De forma alguma que eu não tenha me agradado muitíssimo do tal sonho. É só que, bem, quantas vezes na minha vida o próprio Woody Allen em pessoa poderia estar presente na minha sala de estar tomando uma xícara de café comigo enquanto me aconselhava calmamente a respeito de Freud? Desde a ultima vez que eu chequei, nenhuma, é claro.
Mas é isso mesmo, Woody Allen, o próprio resolveu surgir nos meus sonhos recriado de uma forma completamente característica e real de como sempre imaginei. Descabelado, com pequenos tufos de cabelos mal espalhados sobre uma futura careca em vista, óculos de grau altíssimo com armações escuras, baixinho, nariz grande, suéter bege e calças cáqui claras, desengonçado, frenético, um humor irônico transbordante.
O sonho começa assim, alguém bate na porta, mas eu não escuto porque estou ocupada em tentar desentortar livros amassados que estão espalhados por toda a casa, não sei por qual motivo os livros estão tortos e tão amassados, mas volta e meia eu tento arrumá-los, página por página, então apertam a campainha, que é uma imitação bem fiel de Jingle Bells Rock numa versão anos 30. Dessa vez eu me separo dos livros e vou até a porta, mas a chaleira começa a ferver e eu volto e a tiro do fogo servindo uma xícara cheia de café até que resolvo preparar mais uma xícara, então, ao som da campainha novamente tocando, eu me encaminho até a porta e a abro.
Sim, ele mesmo, o tal, o senhor Woody em pessoa me sorri do batente da porta com seu sorriso irônico e pergunta "Fez o café?", eu não digo nada, meneio a cabeça em afirmação e o deixo entrar, da minha altura, magricela, uma maneira de andar como se a sua forma frenética estivesse em conflito com suas pernas bamboleando.
Woody se senta e toma em mãos sua xícara de café que eu nem tive tempo de oferecer, pega o jornal e começa a lê-lo, por um longo tempo, até que salta do sofá deixando o jornal cair e diz "Sabe aquela galeria de arte nova de que te falei?
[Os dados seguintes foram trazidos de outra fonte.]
lemma mvars_msubst_lin_change_integral_multiple:
  fixes A :: "nat \<Rightarrow> nat \<Rightarrow> 'a::{idom,ring_char_0}"
  assumes "is_form n F" and "D \<noteq> 0"
    and A': "\<And>i j. i \<le> n \<Longrightarrow> j \<le> n \<Longrightarrow> of_int (A' i j) = of_int D * A i j"
  shows "mvars (msubst (lin_change n A') F) = mvars (msubst (lin_change n A) (Poly_Mapping.map of_int F))"
proof -
  from assms(1) obtain d where vars: "mvars F \<subseteq> {..n}"
    and deg: "\<forall>m\<in>Poly_Mapping.keys F. (\<Sum>i\<in>Poly_Mapping.keys m. Poly_Mapping.lookup m i) = d"
    unfolding is_form_def by blast
  have keys: "Poly_Mapping.keys (Poly_Mapping.map (of_int :: int \<Rightarrow> 'a) F) = Poly_Mapping.keys F"
    by (rule keys_map_eq) simp
  have lin_change: "Poly_Mapping.map of_int (lin_change n A' i) = mconst (of_int D) * lin_change n A i"
    if "i \<le> n" for i
    using that by (simp add: lin_change_def map_of_int_sum map_of_int_mult map_of_int_mconst
        map_of_int_mvar A' sum_distrib_left mconst_mult mult.assoc)
  have "(Poly_Mapping.map of_int (msubst (lin_change n A') F) :: 'a mpoly) =
      msubst (\<lambda>i. Poly_Mapping.map of_int (lin_change n A' i)) (Poly_Mapping.map of_int F)"
    by (rule map_of_int_msubst)
  also have "\<dots> = mconst (of_int D ^ d) * msubst (lin_change n A) (Poly_Mapping.map of_int F)"
  proof (rule msubst_scale_homogeneous)
    fix m i
    assume "m \<in> Poly_Mapping.keys (Poly_Mapping.map (of_int :: int \<Rightarrow> 'a) F)"
      and "i \<in> Poly_Mapping.keys m"
    then have "i \<in> mvars F"
      unfolding keys mvars_def by blast
    then show "Poly_Mapping.map of_int (lin_change n A' i) = mconst (of_int D) * lin_change n A i"
      using vars by (intro lin_change) blast
  qed (use deg keys in simp)
  finally have "mvars (Poly_Mapping.map of_int (msubst (lin_change n A') F) :: 'a mpoly) =
      mvars (msubst (lin_change n A) (Poly_Mapping.map of_int F))"
    using \<open>D \<noteq> 0\<close> by (simp add: mvars_mconst_mult)
  then show ?thesis
    by (simp only: mvars_map_of_int)
qed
Então, é hoje, inaugurou!". Sem perder tempo ele pega da minha mão e me arrasta porta a fora. Juntos, nós andamos por ruas de calçadas sujas, passamos por cães de raças em coleiras coloridas, guimbas de cigarros e árvores de folhas alaranjadas e desbotadas, outono, eu penso.
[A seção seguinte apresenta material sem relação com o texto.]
lemma kron_assoc: "kron (kron A B) C = kron A (kron B C)"
proof (rule eq_matI)
  fix i j assume "i < dim_row (kron A (kron B C))" and "j < dim_col (kron A (kron B C))"
  then have i: "i < dim_row A * dim_row B * dim_row C" and j: "j < dim_col A * dim_col B * dim_col C"
    by (simp_all add: mult.assoc)
  let ?rb = "dim_row B" and ?rc = "dim_row C" and ?cb = "dim_col B" and ?cc = "dim_col C"
  have "?rc > 0" "?cc > 0" using i j by (auto intro!: gr0I)
  then have "i mod (?rb * ?rc) div ?rc = i div ?rc mod ?rb" "i mod (?rb * ?rc) mod ?rc = i mod ?rc"
    "i div (?rb * ?rc) = i div ?rc div ?rb"
    "j mod (?cb * ?cc) div ?cc = j div ?cc mod ?cb" "j mod (?cb * ?cc) mod ?cc = j mod ?cc"
    "j div (?cb * ?cc) = j div ?cc div ?cb"
    by (auto simp: mod_mult2_eq div_mult2_eq mult.commute[of ?rb] mult.commute[of ?cb])
  moreover have "i mod (?rb * ?rc) < ?rb * ?rc" "j mod (?cb * ?cc) < ?cb * ?cc"
    using div_mod_less_mult[of i "dim_row A"] div_mod_less_mult[of j "dim_col A"] i j
    by (simp_all add: mult.assoc)
  ultimately show "kron (kron A B) C $$ (i, j) = kron A (kron B C) $$ (i, j)"
    using i j div_mod_less_mult[OF i] div_mod_less_mult[OF j] by (simp add: mult.assoc)
qed (simp_all add: mult.assoc)

lemma kron_add_left:
  assumes "A \<in> carrier_mat a b" and "B \<in> carrier_mat a b"
  shows "kron (A + B) C = kron A C + kron B C"
proof (rule eq_matI)
  fix i j assume "i < dim_row (kron A C + kron B C)" and "j < dim_col (kron A C + kron B C)"
  then have i: "i < a * dim_row C" and j: "j < b * dim_col C" using assms by simp_all
  then show "kron (A + B) C $$ (i, j) = (kron A C + kron B C) $$ (i, j)"
    using div_mod_less_mult[OF i] div_mod_less_mult[OF j] assms by (simp add: algebra_simps)
qed (use assms in simp_all)

lemma kron_add_right:
  assumes "B \<in> carrier_mat a b" and "C \<in> carrier_mat a b"
  shows "kron A (B + C) = kron A B + kron A C"
proof (rule eq_matI)
  fix i j assume "i < dim_row (kron A B + kron A C)" and "j < dim_col (kron A B + kron A C)"
  then have i: "i < dim_row A * a" and j: "j < dim_col A * b" using assms by simp_all
  then show "kron A (B + C) $$ (i, j) = (kron A B + kron A C) $$ (i, j)"
    using div_mod_less_mult[OF i] div_mod_less_mult[OF j] assms by (simp add: algebra_simps)
qed (use assms in simp_all)

lemma kron_smult_left: "kron (c \<cdot>\<^sub>m A) B = c \<cdot>\<^sub>m kron A B"
proof (rule eq_matI)
  fix i j assume "i < dim_row (c \<cdot>\<^sub>m kron A B)" and "j < dim_col (c \<cdot>\<^sub>m kron A B)"
  then have i: "i < dim_row A * dim_row B" and j: "j < dim_col A * dim_col B" by simp_all
  then show "kron (c \<cdot>\<^sub>m A) B $$ (i, j) = (c \<cdot>\<^sub>m kron A B) $$ (i, j)"
    using div_mod_less_mult[OF i] div_mod_less_mult[OF j] by simp
qed simp_all

lemma kron_zero_left: "kron (0\<^sub>m a b) C = 0\<^sub>m (a * dim_row C) (b * dim_col C)"
proof (rule eq_matI)
  fix i j assume "i < dim_row (0\<^sub>m (a * dim_row C) (b * dim_col C) :: complex mat)"
    and "j < dim_col (0\<^sub>m (a * dim_row C) (b * dim_col C) :: complex mat)"
  then have i: "i < a * dim_row C" and j: "j < b * dim_col C" by simp_all
  then show "kron (0\<^sub>m a b) C $$ (i, j) = 0\<^sub>m (a * dim_row C) (b * dim_col C) $$ (i, j)"
    using div_mod_less_mult[OF i] div_mod_less_mult[OF j] by simp
qed simp_all

lemma kron_one: "kron (1\<^sub>m a) (1\<^sub>m b) = 1\<^sub>m (a * b)"
proof (rule eq_matI)
  fix i j assume "i < dim_row (1\<^sub>m (a * b) :: complex mat)" "j < dim_col (1\<^sub>m (a * b) :: complex mat)"
  then have i: "i < a * b" and j: "j < a * b" by simp_all
  have "(i div b = j div b \<and> i mod b = j mod b) = (i = j)"
    by (metis div_mult_mod_eq)
  then show "kron (1\<^sub>m a) (1\<^sub>m b) $$ (i, j) = 1\<^sub>m (a * b) $$ (i, j)"
    using i j div_mod_less_mult[OF i] div_mod_less_mult[OF j] by auto
qed simp_all

section \<open>Operators on the auxiliary space as block matrices\<close>

text \<open>A family \<open>B \<alpha> \<beta>\<close> stands for the \<open>2 \<times> 2\<close> block matrix with \<open>\<alpha>, \<beta> \<in> {0, 1}\<close>; its values at
  other indices are junk (\<^const>\<open>L_plus\<close> returns \<open>q\<^sup>-\<^sup>H\<close> there), hence the guards \<open>\<alpha> < 2\<close>, \<open>\<beta> < 2\<close>.\<close>

definition aux_blocks :: "(nat \<Rightarrow> nat \<Rightarrow> 'a mat) \<Rightarrow> 'a mat" where
  "aux_blocks B = four_block_mat (B 0 0) (B 0 1) (B 1 0) (B 1 1)"

definition aux_mult ::
    "(nat \<Rightarrow> nat \<Rightarrow> 'a :: semiring_0 mat) \<Rightarrow> (nat \<Rightarrow> nat \<Rightarrow> 'a mat) \<Rightarrow> nat \<Rightarrow> nat \<Rightarrow> 'a mat" where
  "aux_mult B C \<alpha> \<beta> = B \<alpha> 0 * C 0 \<beta> + B \<alpha> 1 * C 1 \<beta>"

definition aux_one :: "nat \<Rightarrow> nat \<Rightarrow> nat \<Rightarrow> 'a :: {zero, one} mat" where
  "aux_one d \<alpha> \<beta> = (if \<alpha> = \<beta> then 1\<^sub>m d else 0\<^sub>m d d)"

lemma aux_blocks_cong:
  "(\<And>\<alpha> \<beta>. \<alpha> < 2 \<Longrightarrow> \<beta> < 2 \<Longrightarrow> B \<alpha> \<beta> = C \<alpha> \<beta>) \<Longrightarrow> aux_blocks B = aux_blocks C"
  by (simp add: aux_blocks_def)

lemma aux_blocks_carrier_mat:
  "(\<And>\<alpha> \<beta>. B \<alpha> \<beta> \<in> carrier_mat N N') \<Longrightarrow> aux_blocks B \<in> carrier_mat (N + N) (N' + N')"
  by (simp add: aux_blocks_def)

lemma aux_mult_carrier_mat:
  "(\<And>\<alpha> \<beta>. B \<alpha> \<beta> \<in> carrier_mat N N) \<Longrightarrow> (\<And>\<alpha> \<beta>. C \<alpha> \<beta> \<in> carrier_mat N N) \<Longrightarrow>
   aux_mult B C \<alpha> \<beta> \<in> carrier_mat N N"
  unfolding aux_mult_def by (meson add_carrier_mat mult_carrier_mat)

lemma index_aux_blocks:
  assumes B: "\<And>\<alpha> \<beta>. B \<alpha> \<beta> \<in> carrier_mat N N'" and i: "i < N + N" and j: "j < N' + N'"
  shows "aux_blocks B $$ (i, j) = B (i div N) (j div N') $$ (i mod N, j mod N')"
proof -
  have dims: "\<And>\<alpha> \<beta>. dim_row (B \<alpha> \<beta>) = N" "\<And>\<alpha> \<beta>. dim_col (B \<alpha> \<beta>) = N'"
    using B by auto
  have "N > 0" "N' > 0" using i j by auto
  then have "i div N = (if i < N then 0 else 1)" "i mod N = (if i < N then i else i - N)"
    "j div N' = (if j < N' then 0 else 1)" "j mod N' = (if j < N' then j else j - N')"
    using i j by (simp_all add: div_if mod_if less_diff_conv2)
  then show ?thesis
    using i j by (simp add: aux_blocks_def dims)
qed

lemma aux_blocks_add:
  assumes "\<And>\<alpha> \<beta>. B \<alpha> \<beta> \<in> carrier_mat N N'" and "\<And>\<alpha> \<beta>. C \<alpha> \<beta> \<in> carrier_mat N N'"
  shows "aux_blocks B + aux_blocks C = aux_blocks (\<lambda>\<alpha> \<beta>. B \<alpha> \<beta> + C \<alpha> \<beta>)"
  unfolding aux_blocks_def by (rule add_four_block_mat[of _ N N' _ N' _ N]) (use assms in blast)+

lemma aux_blocks_mult:
  assumes "\<And>\<alpha> \<beta>. B \<alpha> \<beta> \<in> carrier_mat N N" and "\<And>\<alpha> \<beta>. C \<alpha> \<beta> \<in> carrier_mat N N"
  shows "aux_blocks B * aux_blocks C = aux_blocks (aux_mult B C)"
  unfolding aux_blocks_def aux_mult_def
  by (rule mult_four_block_mat[of _ N N _ N _ N _ _ N _ N])
    (use assms in blast)+

lemma trace_a_aux_blocks:
  assumes "B 0 0 \<in> carrier_mat N N" and "B 1 1 \<in> carrier_mat N N"
  shows "trace_a N (aux_blocks B) = B 0 0 + B 1 1"
  using assms by (intro eq_matI) (auto simp: trace_a_def aux_blocks_def)

lemma unit2_carrier_mat [simp]: "unit2 \<alpha> \<beta> \<in> carrier_mat 2 2"
  by (simp add: unit2_def)

lemma index_unit2 [simp]: "i < 2 \<Longrightarrow> j < 2 \<Longrightarrow> unit2 \<alpha> \<beta> $$ (i, j) = (if i = \<alpha> \<and> j = \<beta> then 1 else 0)"
  by (simp add: unit2_def)

lemma kron_eq_aux_blocks:
  assumes G: "G \<in> carrier_mat 2 2" and Q: "Q \<in> carrier_mat N N'"
  shows "kron G Q = aux_blocks (\<lambda>\<alpha> \<beta>. G $$ (\<alpha>, \<beta>) \<cdot>\<^sub>m Q)"
proof -
  have blocks: "aux_blocks (\<lambda>\<alpha> \<beta>. G $$ (\<alpha>, \<beta>) \<cdot>\<^sub>m Q) \<in> carrier_mat (N + N) (N' + N')"
    using Q by (intro aux_blocks_carrier_mat) simp
  show ?thesis
  proof (rule eq_matI)
    fix i j assume "i < dim_row (aux_blocks (\<lambda>\<alpha> \<beta>. G $$ (\<alpha>, \<beta>) \<cdot>\<^sub>m Q))"
      and "j < dim_col (aux_blocks (\<lambda>\<alpha> \<beta>. G $$ (\<alpha>, \<beta>) \<cdot>\<^sub>m Q))"
    then have i: "i < 2 * N" and j: "j < 2 * N'" using blocks by auto
    then have "i < N + N" "j < N' + N'" by simp_all
    with Q have "aux_blocks (\<lambda>\<alpha> \<beta>. G $$ (\<alpha>, \<beta>) \<cdot>\<^sub>m Q) $$ (i, j)
        = G $$ (i div N, j div N') * Q $$ (i mod N, j mod N')"
      using div_mod_less_mult[OF i] div_mod_less_mult[OF j] by (subst index_aux_blocks) auto
    then show "kron G Q $$ (i, j) = aux_blocks (\<lambda>\<alpha> \<beta>. G $$ (\<alpha>, \<beta>) \<cdot>\<^sub>m Q) $$ (i, j)"
      using i j G Q by simp
  qed (use G Q blocks in auto)
qed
Woody Allen acende um cigarro e como se recriando a cena de Manhattan, porém desta vez numa rua de um sol fraco ao fundo e dentro do meu próprio sonho, ele diz:
- Sei que não deveria estar fumando isso, dá câncer. Mas eu fico tão sexy com ele nas mãos, não acha?
- Sim, sim. De toda forma. - respondo. E ele sorri, contente pela minha resposta.
- "Sabe Nova York era sua cidade, e será para sempre." - ele recita olhando-me por trás de suas lentes de fundo de garrafa.
- Amo esta parte, amo este filme. É a minha frase, esta que acabou de dizer.
- Não, é a nossa frase, menina.
Caminhamos e caminhamos enquanto dividimos cigarros e vemos esquilos no Central Park. Tudo que se passa depois são flashes esquisitos. De repente estamos numa galeria toda branca e enevoada, com sofás/pufts dispostos no meio onde as pessoas se deitam e conversam e riem de qualquer coisa, mas obras de arte em exposição não há alguma. Logo, estou deitada nas pernas do senhor Woody Allen, no tal puf gigante, ouvindo-o me dizer que tudo nessa vida é natural "Natural, natural' ele repete, como se estivesse me apresentando a tal palavra pela primeira vez. E por fim, ele diz "Sabe, bem, eu nunca faria parte de um clube do qual aceitassem pessoas como eu. E sabe por que? Porque prefiro fazer parte de um lugar do qual não posso ser aceito. Quem não, não é mesmo?"
E o sonho termina com a imagem de eu e o senhor Woody rindo enlouquecidamente sobre os pufs gigantes de uma galeria cheia de pessoas e ao que parece, numa rua qualquer da Times Square.
Acordei com a sensação esquisita de que mesmo ludibriada pelo sonho eu queria que fosse verdade. Ah sim, claro que queria. Quem não?
E embora sabendo que nada se passou de um sonho, desejei secretamente que uma réstia dele fosse uma lembrança de algo verdadeiro. E assim, Manhattan me veio à mente, e num impulso sedento por algo palpável, eu revivo o filme por mais um milhão de vezes, incontavelmente.